In der Branche ist man sich hinsichtlich dieser Kulanz gegenüber den Kunden einig. Juristisch gesehen gebe es zwar keine Pflicht, die publizierten Preise aus Währungsgründen gegen unten anzupassen, sagt Walter Kunz, Geschäftsführer des Schweizer ReiseVerbands (SRV). Aus unternehmerischer Sicht indes schon. «Der enorme Konkurrenzdruck zwingt die Reise­anbieter zu solchen Sofortmassnahmen.» Ansonsten drohe ein massiver Buchungstourismus ins grenznahe Ausland, wie ihn die Reisebranche zuletzt im Jahr 2011 erlebt habe. Auch damals sackte der Euro auf Parität zum Franken ab, worauf die Nationalbank den Mindestkurs von 1.20 Franken beschloss.

Für Konsumenten macht es durchaus Sinn, die Gunst der Stunde zu nutzen und jetzt Ferien zu buchen. Denn einige der publizierten Aktionen sind zeitlich begrenzt. Kuoni etwa gewährt den 15-Prozent-Rabatt noch für Reservationen bis Mitte Februar, Costa Kreuzfahrten bis Ende Februar. Wer jetzt seine Sommer- oder sogar Herbstferien bucht, kann den günstigen Kurs also langfristig absichern. Bei verschiedenen Veranstaltern kommen sogar noch Frühbucherrabatte hinzu.
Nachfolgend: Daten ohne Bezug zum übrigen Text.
(* Let $q>1$ be a fixed integer and $c>0$. There exists a constant $C>0$ (depending only on $q$ and $c$) such that for all $n\in\mathbb{N}$ and $p\in(0,1)$ with $np\ge c$ (i.e. $p^{-1}\lesssim n$), a random variable $B\sim\mathrm{Bin}(n,p)$ satisfies $$\mathbb{E}\Big[\mathbb{I}\{B>0\}\Big(\frac1B-\frac1{np}\Big)^q\Big]\le C\,(np)^{-3q/2}.$$ *)

theory Defs
  imports "HOL-Probability.Probability"
begin

end

theory Submission
  imports Defs
begin

(* Write mu = n p and s = sqrt mu. For k >= mu / 2 one has |1/k - 1/mu| <= 2 |k - mu| / mu^2,
   while for 1 <= k < mu / 2 the difference lies in [0, 1] and |k - mu| >= mu / 2. In both cases
   (1/k - 1/mu)^q <= 2^q s^(-3q) + O(s^(-7q)) (k - mu)^(4q), so it suffices to know that the
   central moments of Bin(n, p) satisfy E (B - np)^j = O((1 + np)^(j div 2)). This follows by
   induction on n from Bin(n + 1, p) = Bin(n, p) + Bernoulli(p): in the binomial expansion of the
   increment of the j-th moment the terms of order j and j - 1 cancel, and each remaining term is a
   moment of order at most j - 2 times a factor O(p). Summing n increments gives
   O(np (1 + np)^(j div 2 - 1)). *)

lemma abs_le_abs_0_add_increments:
  fixes f :: "nat \<Rightarrow> 'a :: linordered_idom"
  assumes "\<And>m. m < n \<Longrightarrow> \<bar>f (Suc m) - f m\<bar> \<le> b"
  shows "\<bar>f n\<bar> \<le> \<bar>f 0\<bar> + of_nat n * b"
proof -
  have "\<bar>f n\<bar> \<le> \<bar>f 0\<bar> + \<bar>\<Sum>m<n. f (Suc m) - f m\<bar>"
    unfolding sum_lessThan_telescope[of f] using abs_triangle_ineq2[of "f n" "f 0"] by linarith
  also have "\<dots> \<le> \<bar>f 0\<bar> + of_nat n * b"
    using sum_bounded_above[of "{..<n}", OF assms]
    by (intro add_left_mono order.trans[OF sum_abs]) auto
  finally show ?thesis .
qed

lemma mult_power_pred_le:
  fixes t :: "'a :: linordered_semidom"
  assumes "0 \<le> t" "0 < d"
  shows "t * (1 + t) ^ (d - 1) \<le> (1 + t) ^ d"
  using assms by (cases d) (auto intro: mult_right_mono)

lemma power_le_add_power_div:
  fixes d s :: real
  assumes "0 \<le> d" "0 < s"
  shows "d ^ a \<le> s ^ a + d ^ (a + b) / s ^ b"
proof (cases "d \<le> s")
  case True
  then have "d ^ a \<le> s ^ a" using assms by (intro power_mono) auto
  then show ?thesis using assms by (simp add: add_increasing2)
next
  case False
  then have "d ^ a * s ^ b \<le> d ^ a * d ^ b"
    using assms by (intro mult_left_mono power_mono) auto
  then show ?thesis using assms by (simp add: pos_le_divide_eq add_increasing power_add)
qed

lemma abs_inverse_diff_le_near:
  fixes x m :: real
  assumes "0 < m" "m \<le> 2 * x"
  shows "\<bar>1 / x - 1 / m\<bar> \<le> 2 * \<bar>x - m\<bar> / m\<^sup>2"
proof -
  have "\<bar>1 / x - 1 / m\<bar> = \<bar>x - m\<bar> / (x * m)"
    using assms by (simp add: field_simps abs_div abs_minus_commute)
  also have "\<dots> \<le> \<bar>x - m\<bar> / (m / 2 * m)"
    using assms by (intro divide_left_mono mult_right_mono) auto
  finally show ?thesis by (simp add: power2_eq_square mult.commute)
qed

lemma abs_inverse_diff_le_one:
  fixes x m :: real
  assumes "1 \<le> x" "x \<le> m"
  shows "\<bar>1 / x - 1 / m\<bar> \<le> 1"
proof -
  have "1 / m \<le> 1 / x" "1 / x \<le> 1" "0 < 1 / m"
    using assms by (auto intro: frac_le)
  then show ?thesis by linarith
qed

lemma abs_inverse_diff_power_le:
  fixes x s :: real
  assumes x: "1 \<le> x" and s: "0 < s"
  shows "\<bar>1 / x - 1 / s\<^sup>2\<bar> ^ q
    \<le> 2 ^ q / s ^ (3 * q) + (2 ^ q / s ^ (7 * q) + 16 ^ q / s ^ (8 * q)) * (x - s\<^sup>2) ^ (4 * q)"
proof -
  define d where "d = \<bar>x - s\<^sup>2\<bar>"
  have d: "d \<ge> 0" "(x - s\<^sup>2) ^ (4 * q) = d ^ (4 * q)"
    by (simp_all add: d_def power_even_abs)
  have "\<bar>1 / x - 1 / s\<^sup>2\<bar> ^ q \<le> 2 ^ q / s ^ (3 * q) + 2 ^ q / s ^ (7 * q) * d ^ (4 * q)"
    if near: "s\<^sup>2 \<le> 2 * x"
  proof -
    have "\<bar>1 / x - 1 / s\<^sup>2\<bar> ^ q \<le> (2 * d / s ^ 4) ^ q"
      using abs_inverse_diff_le_near[OF _ near] s by (intro power_mono) (auto simp: d_def)
    also have "\<dots> = 2 ^ q * d ^ q / s ^ (4 * q)"
      by (simp add: power_divide power_mult_distrib power_mult)
    also have "\<dots> \<le> 2 ^ q * (s ^ q + d ^ (4 * q) / s ^ (3 * q)) / s ^ (4 * q)"
      using power_le_add_power_div[OF d(1) s, of q "3 * q"] s
      by (intro divide_right_mono mult_left_mono) auto
    also have "\<dots> = 2 ^ q / s ^ (3 * q) + 2 ^ q / s ^ (7 * q) * d ^ (4 * q)"
    proof -
      have "s ^ (4 * q) = s ^ q * s ^ (3 * q)" "s ^ (7 * q) = s ^ (3 * q) * s ^ (4 * q)"
        by (simp_all flip: power_add)
      then show ?thesis
        using s by (simp add: field_simps)
    qed
    finally show ?thesis .
  qed
  moreover have "\<bar>1 / x - 1 / s\<^sup>2\<bar> ^ q \<le> 16 ^ q / s ^ (8 * q) * d ^ (4 * q)"
    if far: "\<not> s\<^sup>2 \<le> 2 * x"
  proof -
    have "\<bar>1 / x - 1 / s\<^sup>2\<bar> ^ q \<le> 1"
      using abs_inverse_diff_le_one[of x "s\<^sup>2"] x far by (simp add: power_le_one)
    also have "1 \<le> (2 * d / s\<^sup>2) ^ (4 * q)"
      using far x s by (intro one_le_power) (auto simp: d_def)
    also have "\<dots> = 16 ^ q / s ^ (8 * q) * d ^ (4 * q)"
      by (simp add: power_divide power_mult_distrib power_mult)
    finally show ?thesis .
  qed
  moreover have "0 \<le> 2 ^ q / s ^ (3 * q) + 2 ^ q / s ^ (7 * q) * d ^ (4 * q)"
    "0 \<le> 16 ^ q / s ^ (8 * q) * d ^ (4 * q)"
    using s d by simp_all
  ultimately show ?thesis
    unfolding d(2) distrib_right by (cases "s\<^sup>2 \<le> 2 * x") linarith+
qed

lemma square_powr_neg_half:
  fixes s :: real
  assumes "0 < s"
  shows "(s\<^sup>2) powr (- real k / 2) = 1 / s ^ k"
proof -
  have "s\<^sup>2 = s powr 2"
    using assms by (simp add: powr_numeral)
  then have "(s\<^sup>2) powr (- real k / 2) = s powr (- real k)"
    by (simp add: powr_powr)
  also have "\<dots> = 1 / s ^ k"
    using assms by (simp add: powr_minus_divide powr_realpow)
  finally show ?thesis .
qed

definition binomial_central_moment :: "nat \<Rightarrow> nat \<Rightarrow> real \<Rightarrow> real" where
  "binomial_central_moment j n p =
     measure_pmf.expectation (binomial_pmf n p) (\<lambda>k. (real k - real n * p) ^ j)"

definition bernoulli_central_moment :: "nat \<Rightarrow> real \<Rightarrow> real" where
  "bernoulli_central_moment r p = p * (1 - p) ^ r + (1 - p) * (- p) ^ r"

lemma bernoulli_central_moment_0 [simp]: "bernoulli_central_moment 0 p = 1"
  and bernoulli_central_moment_Suc_0 [simp]: "bernoulli_central_moment (Suc 0) p = 0"
  by (simp_all add: bernoulli_central_moment_def algebra_simps)

lemma binomial_central_moment_no_trials [simp]:
  "p \<in> {0..1} \<Longrightarrow> binomial_central_moment j 0 p = 0 ^ j"
  by (simp add: binomial_central_moment_def binomial_pmf_0)

lemma abs_bernoulli_central_moment_le:
  assumes p: "p \<in> {0..1}" and r: "r \<ge> 1"
  shows "\<bar>bernoulli_central_moment r p\<bar> \<le> 2 * p"
proof -
  have "\<bar>bernoulli_central_moment r p\<bar> \<le> p * (1 - p) ^ r + (1 - p) * p ^ r"
    unfolding bernoulli_central_moment_def
    using p by (auto intro: order.trans[OF abs_triangle_ineq] simp: abs_mult power_abs)
  also have "\<dots> \<le> p * 1 + 1 * p"
    using p r
    by (intro add_mono mult_mono power_le_one) (auto intro: power_decreasing[of 1, simplified])
  finally show ?thesis by simp
qed

lemma binomial_central_moment_Suc:
  assumes p: "p \<in> {0..1}"
  shows "binomial_central_moment j (Suc n) p =
    (\<Sum>i\<le>j. real (j choose i) * binomial_central_moment i n p * bernoulli_central_moment (j - i) p)"
proof -
  have fin: "finite (set_pmf (binomial_pmf n p))"
    using p by (simp add: set_pmf_binomial_eq)
  let ?E = "measure_pmf.expectation (binomial_pmf n p)"
  have "binomial_central_moment j (Suc n) p =
      p * ?E (\<lambda>k. ((real k - real n * p) + (1 - p)) ^ j)
    + (1 - p) * ?E (\<lambda>k. ((real k - real n * p) + (- p)) ^ j)"
    unfolding binomial_central_moment_def binomial_pmf_Suc[OF p] map_pmf_def
    by (subst pmf_expectation_bind[where A = UNIV])
       (use p fin in \<open>auto simp: UNIV_bool map_pmf_def[symmetric] algebra_simps\<close>)
  also have "\<dots> = (\<Sum>i\<le>j. real (j choose i) * binomial_central_moment i n p
                              * bernoulli_central_moment (j - i) p)"
    unfolding binomial_ring binomial_central_moment_def bernoulli_central_moment_def
    using p by (simp add: integral_sum integral_mult_right_zero sum_distrib_left
        sum.distrib[symmetric] algebra_simps)
  finally show ?thesis .
qed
Wer lieber zuwartet, kann mit etwas Glück und je nach Währungs­entwicklung von einem noch günstigeren Kurs profitieren. Anbieter wie Tui Suisse, Hotelplan und Travel.ch sichern ihren Kunden zu, die Ferien­preise tagesaktuell anzupassen. Diese Spekulation kann für Kunden aber auch nach hinten losgehen. Kunz warnt: «Sollte der Franken zum Euro an Wert verlieren, steigen auch die Tarife der Reiseveranstalter wieder an.»

Die Frage, ob man den aktuellen Wechselkurs besser frühzeitig ab­sichert oder mit der Ferienbuchung noch zuwartet, hängt nicht zuletzt von der Art des Arrangements ab. Kunz gibt zu bedenken, dass Flug­leistungen stets in Schweizer Franken abgerechnet werden und daher von Kursschwankungen nicht betroffen sind. «Je dominanter also der Anteil des Flugs im Preisgefüge eines Pauschalangebots ist, desto weniger Einfluss hat die Währung.»

Als zusätzliches Argument für eine frühzeitige Buchung nennt Kunz die knapper werdende Verfügbarkeit der Angebote. Bei einigen Ferienanbietern hat die überraschende Loslösung vom Euro-Mindestkurs durch die Nationalbank einen Kundenansturm ausgelöst. «Wir liegen für die Sommer- und Herbstferienperiode im zweistelligen Prozentbereich über dem Vorjahresniveau», erklärt Inka Nobel von Travel.ch. Ähnlich tönt es bei Hotelplan Suisse. Für bestimmte Hochsaisondaten an beliebten Mittelmeer­stränden seien die freien Kapazitäten bereits eingeschränkt, bestätigt auch Wittwer von Tui Suisse.

Der Tipp von Kunz: «Nach der Buchung kann es nicht schaden, sich bereits ausreichend mit Euro einzu­decken. So können Konsumenten quasi per Termingeschäft bereits die Ferienauslagen vor Ort zu einem günstigen Kurs absichern.»